### WHAT IS BEING ASKED
The reply should be an exact transcription of every record.

### EXTRACTED MATERIAL
(* Let $m=2t+1\ge5$ and $n=\frac{3^m+1}{4}$. For every integer $\delta$ with $\delta_{2,n}+1\le\delta\le\delta_{1,n}$, the LCD BCH code $\mathcal{C}_{(n,3,\delta,1)}$ has parameters $[n,2m+1,d\ge\delta_{2,n}]$ and $\mathcal{C}_{(n,3,\delta+1,0)}$ has parameters $[n,2m,d\ge2\delta_{2,n}]$.
   Context: Let $q$ be a prime power and $n\ge2$ an integer with $\gcd(n,q)=1$. Let $\ell=\mathrm{ord}_n(q)$, let $\alpha$ be a generator of $\mathbb{F}_{q^\ell}^*$, $\beta=\alpha^{(q^\ell-1)/n}$, and let $m_i(x)$ be the minimal polynomial of $\beta^i$ over $\mathbb{F}_q$. For integers $b\ge0$ and $2\le\delta\le n$, $\mathcal{C}_{(n,q,\delta,b)}$ denotes the cyclic (BCH) code of length $n$ over $\mathbb{F}_q$ with generator polynomial $\mathrm{lcm}(m_b(x),\dots,m_{b+\delta-2}(x))$. A linear code $\mathcal{C}$ is LCD if $\mathcal{C}\cap\mathcal{C}^\perp=\{0\}$ (Euclidean dual). $[n,k,d\ge D]$ means length $n$, dimension $k$, minimum Hamming distance at least $D$. For $0\le s\le n-1$, $C_s=\{sq^i\bmod n:0\le i\le\ell-1\}$ is the $q$-cyclotomic coset of $s$ modulo $n$; its least element is its coset leader; $\mathrm{MinRep}_n$ is the set of coset leaders modulo $n$ (including $0$), and $\delta_{i,n}$ is the $i$-th largest element of $\mathrm{MinRep}_n$ (here with $q=3$). *)

theory Defs
  imports "Berlekamp_Zassenhaus.Finite_Field" "HOL-Number_Theory.Number_Theory"
begin

datatype three = T0 | T1 | T2

lemma UNIV_three: "(UNIV :: three set) = {T0, T1, T2}"
  using three.exhaust by blast

instance three :: finite
  by standard (simp add: UNIV_three)

lemma card_three: "CARD(three) = 3"
  by (simp add: UNIV_three)

instance three :: prime_card
  by standard (simp add: card_three)

type_synonym F3 = "three mod_ring"

definition emb3 :: "F3 \<Rightarrow> 'k::field" where
  "emb3 x = of_int (to_int_mod_ring x)"

definition cyc_coset :: "nat \<Rightarrow> nat \<Rightarrow> nat \<Rightarrow> nat set" where
  "cyc_coset q n s = {(s * q ^ i) mod n | i. i < ord n q}"

definition MinRep :: "nat \<Rightarrow> nat \<Rightarrow> nat set" where
  "MinRep q n = {s. s < n \<and> s = Min (cyc_coset q n s)}"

### WRITTEN SOLUTION
(* Let $m=2t+1\ge5$ and $n=\frac{3^m+1}{4}$. For every integer $\delta$ with $\delta_{2,n}+1\le\delta\le\delta_{1,n}$, the LCD BCH code $\mathcal{C}_{(n,3,\delta,1)}$ has parameters $[n,2m+1,d\ge\delta_{2,n}]$ and $\mathcal{C}_{(n,3,\delta+1,0)}$ has parameters $[n,2m,d\ge2\delta_{2,n}]$.
   Context: Let $q$ be a prime power and $n\ge2$ an integer with $\gcd(n,q)=1$. Let $\ell=\mathrm{ord}_n(q)$, let $\alpha$ be a generator of $\mathbb{F}_{q^\ell}^*$, $\beta=\alpha^{(q^\ell-1)/n}$, and let $m_i(x)$ be the minimal polynomial of $\beta^i$ over $\mathbb{F}_q$. For integers $b\ge0$ and $2\le\delta\le n$, $\mathcal{C}_{(n,q,\delta,b)}$ denotes the cyclic (BCH) code of length $n$ over $\mathbb{F}_q$ with generator polynomial $\mathrm{lcm}(m_b(x),\dots,m_{b+\delta-2}(x))$. A linear code $\mathcal{C}$ is LCD if $\mathcal{C}\cap\mathcal{C}^\perp=\{0\}$ (Euclidean dual). $[n,k,d\ge D]$ means length $n$, dimension $k$, minimum Hamming distance at least $D$. For $0\le s\le n-1$, $C_s=\{sq^i\bmod n:0\le i\le\ell-1\}$ is the $q$-cyclotomic coset of $s$ modulo $n$; its least element is its coset leader; $\mathrm{MinRep}_n$ is the set of coset leaders modulo $n$ (including $0$), and $\delta_{i,n}$ is the $i$-th largest element of $\mathrm{MinRep}_n$ (here with $q=3$). *)

theory Defs
  imports "Berlekamp_Zassenhaus.Finite_Field" "HOL-Number_Theory.Number_Theory"
begin

datatype three = T0 | T1 | T2

lemma UNIV_three: "(UNIV :: three set) = {T0, T1, T2}"
  using three.exhaust by blast

instance three :: finite
  by standard (simp add: UNIV_three)

lemma card_three: "CARD(three) = 3"
  by (simp add: UNIV_three)

instance three :: prime_card
  by standard (simp add: card_three)

type_synonym F3 = "three mod_ring"

definition emb3 :: "F3 \<Rightarrow> 'k::field" where
  "emb3 x = of_int (to_int_mod_ring x)"

definition cyc_coset :: "nat \<Rightarrow> nat \<Rightarrow> nat \<Rightarrow> nat set" where
  "cyc_coset q n s = {(s * q ^ i) mod n | i. i < ord n q}"

definition MinRep :: "nat \<Rightarrow> nat \<Rightarrow> nat set" where
  "MinRep q n = {s. s < n \<and> s = Min (cyc_coset q n s)}"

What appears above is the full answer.